Monday, February 01, 2010

Wart down under

Keith Windschuttle once again takes down Robert Manne, professor of politics at La Trobe University, and his twisting of the facts to prove the existence of a "stolen generation" of Aborigines and the Australian government's supposed policy of "breeding out the colour" of said abos.

For a professor of politics at an Australian university to write about a policy of the Commonwealth Government and to omit its most telling decisions is a serious dereliction of his public duty. At the very least, and despite whatever interpretation he wanted to place on these events, Manne should have reported the decision of the Cabinet [to not adopt a policy of breeding out the color], the advice from the Department’s Secretary that Cabinet requested, and the statement the Minister made to the House.

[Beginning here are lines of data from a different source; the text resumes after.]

lemma word_lag_take_le_if_bad_below:
  assumes "\<And>x. bad T x \<Longrightarrow> word_lag x \<le> int B" "\<forall>i<j. bad T (take i x)"
  shows "word_lag (take j x) \<le> int (B + 1)"
proof (cases j)
  case (Suc k)
  then have "word_lag (take k x) \<le> int B"
    using assms by blast
  then show ?thesis
    using word_lag_take_Suc[of k x] Suc by simp
qed simp

lemma pending_configs_subset:
  assumes "\<And>x. bad T x \<Longrightarrow> word_lag x \<le> int B"
  shows "pending_configs T P u \<subseteq> range (\<lambda>x. lquot x P) \<times> range (\<lambda>x. lquot x T) \<times> bounded_offsets B"
  using assms unfolding pending_configs_def by (auto intro!: offset_in_bounded_offsets)

lemma settled_quots_subset:
  assumes "\<And>x. bad T x \<Longrightarrow> word_lag x \<le> int B" "P \<subseteq> T"
  shows "settled_quots strict T P u \<subseteq>
    (\<Union>(L, D)\<in>{L \<in> range (\<lambda>x. lquot x P). finite_shift L} \<times> bounded_offsets (B + 1).
       range (\<lambda>x. lquot x (matching_words L D)))"
proof
  fix K
  assume "K \<in> settled_quots strict T P u"
  then obtain j v where K: "K = lquot (drop j u) (matching_words (lquot v P) (offset (take j u) v))"
    and v: "good_first_at strict T u v j"
    unfolding settled_quots_def by blast
  have "lquot v P \<subseteq> lquot v T" "finite_shift (lquot v T)"
    using assms(2) v unfolding lquot_def good_first_at_def bad_def by auto
  then have "finite_shift (lquot v P)"
    by (rule finite_shift_subset)
  moreover have "offset (take j u) v \<in> bounded_offsets (B + 1)"
  proof (rule offset_in_bounded_offsets)
    show "length (take j u) = length v" "word_lag (take j u) \<le> int (B + 1)"
      using v word_lag_take_le_if_bad_below[OF assms(1)] unfolding good_first_at_def by auto
    show "word_lag v \<le> int (B + 1)"
      using v word_lag_take_le_if_bad_below[OF assms(1), where j=j and x=v]
      unfolding good_first_at_def by auto
  qed
  ultimately show "K \<in> (\<Union>(L, D)\<in>{L \<in> range (\<lambda>x. lquot x P). finite_shift L} \<times> bounded_offsets (B + 1).
       range (\<lambda>x. lquot x (matching_words L D)))"
    unfolding K by blast
qed

lemma finite_settled_lquots:
  fixes P :: "('s::finite, 'g::finite) word set"
  assumes "regular P"
  shows "finite (\<Union>(L, D)\<in>{L \<in> range (\<lambda>x. lquot x P). finite_shift L} \<times> bounded_offsets n.
    range (\<lambda>x. lquot x (matching_words L D)))"
proof (rule finite_UN_I)
  have "finite {L \<in> range (\<lambda>x. lquot x P). finite_shift L}"
    using assms by (simp add: regular_iff_finite_lquots)
  then show "finite ({L \<in> range (\<lambda>x. lquot x P). finite_shift L} \<times>
      (bounded_offsets n :: ('s, 'g) offset set))"
    by (intro finite_cartesian_product finite_bounded_offsets)
next
  fix LD :: "('s,'g) word set \<times> ('s,'g) offset"
  assume "LD \<in> {L \<in> range (\<lambda>x. lquot x P). finite_shift L} \<times> bounded_offsets n"
  then obtain x D where LD: "LD = (lquot x P, D)" "finite_shift (lquot x P)"
    by auto
  have "regular (lquot x P)"
    using assms by (rule regular_lquot)
  then show "finite ((\<lambda>(L, D). range (\<lambda>x. lquot x (matching_words L D))) LD)"
    using regular_matching_words[OF _ LD(2)] unfolding LD(1) regular_iff_finite_lquots by simp
qed

lemma regular_dominated:
  fixes T P :: "('s::finite, 'g::finite) word set"
  assumes "regular T" "regular P" "P \<subseteq> T" and B: "\<And>x. bad T x \<Longrightarrow> word_lag x \<le> int B"
  shows "regular (dominated strict T P)"
proof -
  define Pending :: "(('s,'g) word set \<times> ('s,'g) word set \<times> ('s,'g) offset) set"
    where "Pending = range (\<lambda>x. lquot x P) \<times> range (\<lambda>x. lquot x T) \<times> bounded_offsets B"
  define Settled where "Settled = (\<Union>(L, D)\<in>{L \<in> range (\<lambda>x. lquot x P). finite_shift L} \<times>
    (bounded_offsets (B + 1) :: ('s,'g) offset set). range (\<lambda>x. lquot x (matching_words L D)))"
  have "finite Pending"
    unfolding Pending_def using assms(1,2)
    by (intro finite_cartesian_product finite_bounded_offsets) (simp_all add: regular_iff_finite_lquots)
  moreover have "finite Settled"
    unfolding Settled_def using assms(2) by (rule finite_settled_lquots)
  moreover have "pending_configs T P u \<in> Pow Pending" for u
    unfolding Pending_def using pending_configs_subset[OF B] by (rule PowI)
  moreover have "settled_quots strict T P u \<in> Pow Settled" for u
    unfolding Settled_def using settled_quots_subset[OF B assms(3)] by (rule PowI)
  ultimately show ?thesis
  proof (intro regularI_lquot[where
        \<sigma>="\<lambda>u. (lquot u T, pending_configs T P u, settled_quots strict T P u)"
        and U="range (\<lambda>x. lquot x T) \<times> Pow Pending \<times> Pow Settled"
        and G="\<lambda>(U, A, S). U \<inter> ((\<Union>(P', V, D)\<in>A. pending_lang strict U P' V D) \<union> \<Union>S)"])
    show "finite (range (\<lambda>x. lquot x T) \<times> Pow Pending \<times> Pow Settled)"
      using assms(1) \<open>finite Pending\<close> \<open>finite Settled\<close> by (simp add: regular_iff_finite_lquots)
  qed (simp_all add: lquot_dominated)
qed

section \<open>Minimal synchronisations\<close>

text \<open>\<open>Suc (length w)\<close> encodes that no prefix of w is good.\<close>

definition first_good :: "('s,'g) word set \<Rightarrow> ('s,'g) word \<Rightarrow> nat" where
  "first_good T w = (LEAST j. j = Suc (length w) \<or> \<not> bad T (take j w))"

lemma first_good_le: "first_good T w \<le> Suc (length w)"
  unfolding first_good_def by (rule Least_le) simp

lemma bad_take_iff_less_first_good:
  assumes "i \<le> length w"
  shows "bad T (take i w) \<longleftrightarrow> i < first_good T w"
proof
  assume bad: "bad T (take i w)"
  show "i < first_good T w"
  proof (rule ccontr)
    assume "\<not> i < first_good T w"
    then have "first_good T w \<le> i"
      by simp
    then have "first_good T w \<noteq> Suc (length w)" "bad T (take (first_good T w) w)"
      using assms bad_take_mono[OF bad] by auto
    moreover have "first_good T w = Suc (length w) \<or> \<not> bad T (take (first_good T w) w)"
      unfolding first_good_def by (rule LeastI[of _ "Suc (length w)"]) simp
    ultimately show False
      by blast
  qed
next
  assume "i < first_good T w"
  then show "bad T (take i w)"
    using assms unfolding first_good_def by (auto dest: not_less_Least)
qed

In failing to mention these three critical responses, while pretending the government gave “full endorsement” to the very opposite approach, Manne falsified Australian political history on an issue that he, more than almost any other academic commentator in the country, had the opportunity, the interest and the ability to investigate thoroughly and report honestly. If Manne can get away with behaviour of this kind, it would mean Australian universities no longer demand any standard of truthfulness from their academic staff.

In recent years, universities in other countries have not tolerated such breaches of their expectations of proper academic conduct. When credible public accusations have been made, they have appointed independent investigations into the charges. At the University of East Anglia, the head of the Climate Research Unit, Professor Phil Jones, has recently stood down from his post while a review is conducted into allegations that his unit’s climate scientists have engaged in misconduct.

In 2005, the president of the University of Colorado stood down Ward Churchill, a Professor of American Indian Studies, and appointed a panel of academics from both within and outside his own institution to investigate public charges of academic misconduct against him. In May 2006, the committee found Churchill guilty of falsification and fabrication of history and of plagiarism. The president then dismissed him.

Not bad, roping Chutch, the CRU, and Manne together. Windschuttle, incidentally, calls for Manne to step down from his position.